• PROMPT
Where does the word "else" occur in the entries below? Copy every line that has it.

• DATA
▼
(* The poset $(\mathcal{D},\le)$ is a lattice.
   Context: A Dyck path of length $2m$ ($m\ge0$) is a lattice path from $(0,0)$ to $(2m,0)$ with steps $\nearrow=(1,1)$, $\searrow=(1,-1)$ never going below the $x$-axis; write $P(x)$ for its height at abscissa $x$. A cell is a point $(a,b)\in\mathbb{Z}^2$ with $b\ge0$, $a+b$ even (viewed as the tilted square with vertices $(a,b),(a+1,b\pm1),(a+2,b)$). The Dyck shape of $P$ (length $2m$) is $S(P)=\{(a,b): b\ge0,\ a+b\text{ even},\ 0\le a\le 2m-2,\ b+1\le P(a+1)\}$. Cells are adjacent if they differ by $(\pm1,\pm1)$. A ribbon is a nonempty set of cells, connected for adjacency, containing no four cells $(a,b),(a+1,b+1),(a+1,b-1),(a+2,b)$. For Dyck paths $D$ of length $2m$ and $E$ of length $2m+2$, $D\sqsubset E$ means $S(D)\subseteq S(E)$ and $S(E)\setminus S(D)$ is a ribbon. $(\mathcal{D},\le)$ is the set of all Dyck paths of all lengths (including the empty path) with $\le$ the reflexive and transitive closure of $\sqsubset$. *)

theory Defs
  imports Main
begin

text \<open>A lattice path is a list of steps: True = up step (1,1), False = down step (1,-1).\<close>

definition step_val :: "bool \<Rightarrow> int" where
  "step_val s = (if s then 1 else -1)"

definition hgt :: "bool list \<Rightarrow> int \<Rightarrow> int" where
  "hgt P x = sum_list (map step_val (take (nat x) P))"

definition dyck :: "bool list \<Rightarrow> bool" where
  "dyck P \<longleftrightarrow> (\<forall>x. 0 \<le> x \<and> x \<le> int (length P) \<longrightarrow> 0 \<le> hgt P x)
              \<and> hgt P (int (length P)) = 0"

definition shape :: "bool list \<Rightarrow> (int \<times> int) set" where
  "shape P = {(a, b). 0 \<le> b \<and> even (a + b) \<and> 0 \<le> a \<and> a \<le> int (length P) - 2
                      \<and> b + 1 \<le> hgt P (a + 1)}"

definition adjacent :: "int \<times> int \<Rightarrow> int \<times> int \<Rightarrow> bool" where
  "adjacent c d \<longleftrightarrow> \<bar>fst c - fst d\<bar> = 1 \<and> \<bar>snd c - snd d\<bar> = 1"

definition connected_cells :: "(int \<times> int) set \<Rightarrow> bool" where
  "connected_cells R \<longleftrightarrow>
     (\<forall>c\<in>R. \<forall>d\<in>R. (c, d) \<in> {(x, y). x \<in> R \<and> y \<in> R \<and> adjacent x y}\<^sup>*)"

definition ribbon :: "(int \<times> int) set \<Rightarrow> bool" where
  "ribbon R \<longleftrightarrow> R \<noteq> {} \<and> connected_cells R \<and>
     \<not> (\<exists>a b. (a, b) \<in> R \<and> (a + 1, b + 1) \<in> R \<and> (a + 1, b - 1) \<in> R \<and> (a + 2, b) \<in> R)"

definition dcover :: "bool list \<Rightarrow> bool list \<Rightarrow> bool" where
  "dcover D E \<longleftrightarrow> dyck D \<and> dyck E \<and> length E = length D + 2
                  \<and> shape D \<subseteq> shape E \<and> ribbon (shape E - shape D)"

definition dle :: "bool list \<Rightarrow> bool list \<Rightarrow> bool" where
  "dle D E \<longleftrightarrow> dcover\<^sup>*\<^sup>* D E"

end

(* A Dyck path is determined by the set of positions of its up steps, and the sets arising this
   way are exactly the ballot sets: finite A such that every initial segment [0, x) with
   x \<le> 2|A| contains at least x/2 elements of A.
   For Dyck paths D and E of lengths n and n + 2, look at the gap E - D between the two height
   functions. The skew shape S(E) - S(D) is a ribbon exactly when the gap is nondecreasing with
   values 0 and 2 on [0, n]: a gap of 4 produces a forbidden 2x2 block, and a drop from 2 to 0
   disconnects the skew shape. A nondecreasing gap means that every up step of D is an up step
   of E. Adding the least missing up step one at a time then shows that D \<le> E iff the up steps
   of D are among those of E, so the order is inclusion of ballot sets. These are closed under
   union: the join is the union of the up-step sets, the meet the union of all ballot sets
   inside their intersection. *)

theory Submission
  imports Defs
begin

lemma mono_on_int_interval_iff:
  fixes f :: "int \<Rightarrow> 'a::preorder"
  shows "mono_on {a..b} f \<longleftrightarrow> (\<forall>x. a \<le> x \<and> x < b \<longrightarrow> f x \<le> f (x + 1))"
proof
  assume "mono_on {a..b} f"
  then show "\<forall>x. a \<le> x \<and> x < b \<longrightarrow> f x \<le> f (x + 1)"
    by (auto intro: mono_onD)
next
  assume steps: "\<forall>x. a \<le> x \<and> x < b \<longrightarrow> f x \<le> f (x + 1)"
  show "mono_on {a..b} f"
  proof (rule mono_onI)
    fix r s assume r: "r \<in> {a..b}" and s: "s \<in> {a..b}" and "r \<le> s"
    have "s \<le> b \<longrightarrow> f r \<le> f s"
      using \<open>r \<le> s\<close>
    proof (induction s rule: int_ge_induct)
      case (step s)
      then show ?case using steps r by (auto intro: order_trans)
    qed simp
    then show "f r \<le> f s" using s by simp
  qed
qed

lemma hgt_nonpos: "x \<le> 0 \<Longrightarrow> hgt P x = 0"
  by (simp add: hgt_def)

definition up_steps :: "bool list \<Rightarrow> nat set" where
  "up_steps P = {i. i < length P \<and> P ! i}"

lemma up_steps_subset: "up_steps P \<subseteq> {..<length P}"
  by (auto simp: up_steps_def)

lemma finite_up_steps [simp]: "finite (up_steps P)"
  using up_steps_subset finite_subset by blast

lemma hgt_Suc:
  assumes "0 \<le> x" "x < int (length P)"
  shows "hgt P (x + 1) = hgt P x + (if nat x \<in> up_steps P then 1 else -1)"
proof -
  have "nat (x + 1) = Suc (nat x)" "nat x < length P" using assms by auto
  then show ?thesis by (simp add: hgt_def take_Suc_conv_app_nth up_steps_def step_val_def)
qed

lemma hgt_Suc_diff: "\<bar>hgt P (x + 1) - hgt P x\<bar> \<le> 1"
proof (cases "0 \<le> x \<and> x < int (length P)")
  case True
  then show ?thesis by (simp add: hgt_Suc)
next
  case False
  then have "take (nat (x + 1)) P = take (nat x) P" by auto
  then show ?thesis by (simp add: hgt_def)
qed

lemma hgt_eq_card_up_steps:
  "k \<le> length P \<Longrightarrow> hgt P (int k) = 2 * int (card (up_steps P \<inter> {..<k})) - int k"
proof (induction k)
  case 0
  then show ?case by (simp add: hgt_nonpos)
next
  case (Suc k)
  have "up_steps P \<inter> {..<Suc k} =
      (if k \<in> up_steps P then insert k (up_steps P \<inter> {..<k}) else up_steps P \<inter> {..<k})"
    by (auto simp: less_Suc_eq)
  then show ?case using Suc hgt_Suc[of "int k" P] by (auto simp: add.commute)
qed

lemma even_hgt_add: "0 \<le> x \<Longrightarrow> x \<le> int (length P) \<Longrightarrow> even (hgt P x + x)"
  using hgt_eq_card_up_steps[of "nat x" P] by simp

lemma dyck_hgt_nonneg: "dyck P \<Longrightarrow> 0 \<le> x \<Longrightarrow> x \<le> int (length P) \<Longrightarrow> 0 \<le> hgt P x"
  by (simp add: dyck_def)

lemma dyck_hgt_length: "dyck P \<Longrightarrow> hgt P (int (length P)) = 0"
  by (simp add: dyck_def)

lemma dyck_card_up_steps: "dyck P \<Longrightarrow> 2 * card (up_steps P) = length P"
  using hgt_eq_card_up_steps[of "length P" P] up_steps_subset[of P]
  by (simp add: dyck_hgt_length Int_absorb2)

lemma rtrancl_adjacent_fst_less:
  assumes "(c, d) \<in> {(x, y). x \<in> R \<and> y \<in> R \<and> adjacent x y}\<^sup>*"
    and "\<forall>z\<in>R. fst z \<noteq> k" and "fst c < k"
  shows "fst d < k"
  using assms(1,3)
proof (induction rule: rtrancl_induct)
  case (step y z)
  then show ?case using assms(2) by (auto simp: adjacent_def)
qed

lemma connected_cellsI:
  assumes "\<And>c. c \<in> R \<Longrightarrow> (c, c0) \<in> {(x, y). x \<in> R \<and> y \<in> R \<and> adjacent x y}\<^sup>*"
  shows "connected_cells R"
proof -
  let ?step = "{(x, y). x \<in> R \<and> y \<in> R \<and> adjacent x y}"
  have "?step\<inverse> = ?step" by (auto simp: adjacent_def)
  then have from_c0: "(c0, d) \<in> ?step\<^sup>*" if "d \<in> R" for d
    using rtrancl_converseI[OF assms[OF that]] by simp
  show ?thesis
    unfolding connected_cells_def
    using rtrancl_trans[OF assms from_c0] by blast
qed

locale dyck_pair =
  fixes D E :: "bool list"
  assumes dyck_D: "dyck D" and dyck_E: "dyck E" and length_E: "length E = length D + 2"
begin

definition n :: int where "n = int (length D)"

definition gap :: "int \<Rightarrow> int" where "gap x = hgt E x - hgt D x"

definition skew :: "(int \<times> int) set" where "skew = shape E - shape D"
▲
▼
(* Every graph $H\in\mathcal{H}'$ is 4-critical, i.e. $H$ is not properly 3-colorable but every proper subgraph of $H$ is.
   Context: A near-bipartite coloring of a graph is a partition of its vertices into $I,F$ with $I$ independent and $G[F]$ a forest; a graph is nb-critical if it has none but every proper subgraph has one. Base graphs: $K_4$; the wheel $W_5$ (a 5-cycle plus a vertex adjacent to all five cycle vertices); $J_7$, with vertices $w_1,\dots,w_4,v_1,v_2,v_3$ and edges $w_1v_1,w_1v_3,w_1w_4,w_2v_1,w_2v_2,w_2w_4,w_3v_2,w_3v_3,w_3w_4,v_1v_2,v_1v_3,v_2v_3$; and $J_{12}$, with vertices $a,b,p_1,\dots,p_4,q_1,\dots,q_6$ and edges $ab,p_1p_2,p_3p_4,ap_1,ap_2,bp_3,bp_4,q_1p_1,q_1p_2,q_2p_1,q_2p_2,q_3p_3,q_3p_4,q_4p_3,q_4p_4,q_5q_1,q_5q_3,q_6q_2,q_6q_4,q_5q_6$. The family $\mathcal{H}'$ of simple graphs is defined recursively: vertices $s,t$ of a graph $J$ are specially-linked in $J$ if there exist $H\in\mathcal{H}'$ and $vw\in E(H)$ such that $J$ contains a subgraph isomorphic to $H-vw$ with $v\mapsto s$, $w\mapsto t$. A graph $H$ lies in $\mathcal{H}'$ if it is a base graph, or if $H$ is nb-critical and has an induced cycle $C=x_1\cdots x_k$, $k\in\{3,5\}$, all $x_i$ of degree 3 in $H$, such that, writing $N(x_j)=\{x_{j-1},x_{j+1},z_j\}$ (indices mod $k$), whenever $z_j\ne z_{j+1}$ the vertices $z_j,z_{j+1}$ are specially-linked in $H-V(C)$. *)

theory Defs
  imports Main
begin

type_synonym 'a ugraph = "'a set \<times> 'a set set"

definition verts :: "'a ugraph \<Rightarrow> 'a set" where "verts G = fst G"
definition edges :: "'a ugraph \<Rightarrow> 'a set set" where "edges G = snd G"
▲
• EXERCISE ANSWER
  "step_val s = (if s then 1 else -1)"
  shows "hgt P (x + 1) = hgt P x + (if nat x \<in> up_steps P then 1 else -1)"
      (if k \<in> up_steps P then insert k (up_steps P \<inter> {..<k}) else up_steps P \<inter> {..<k})"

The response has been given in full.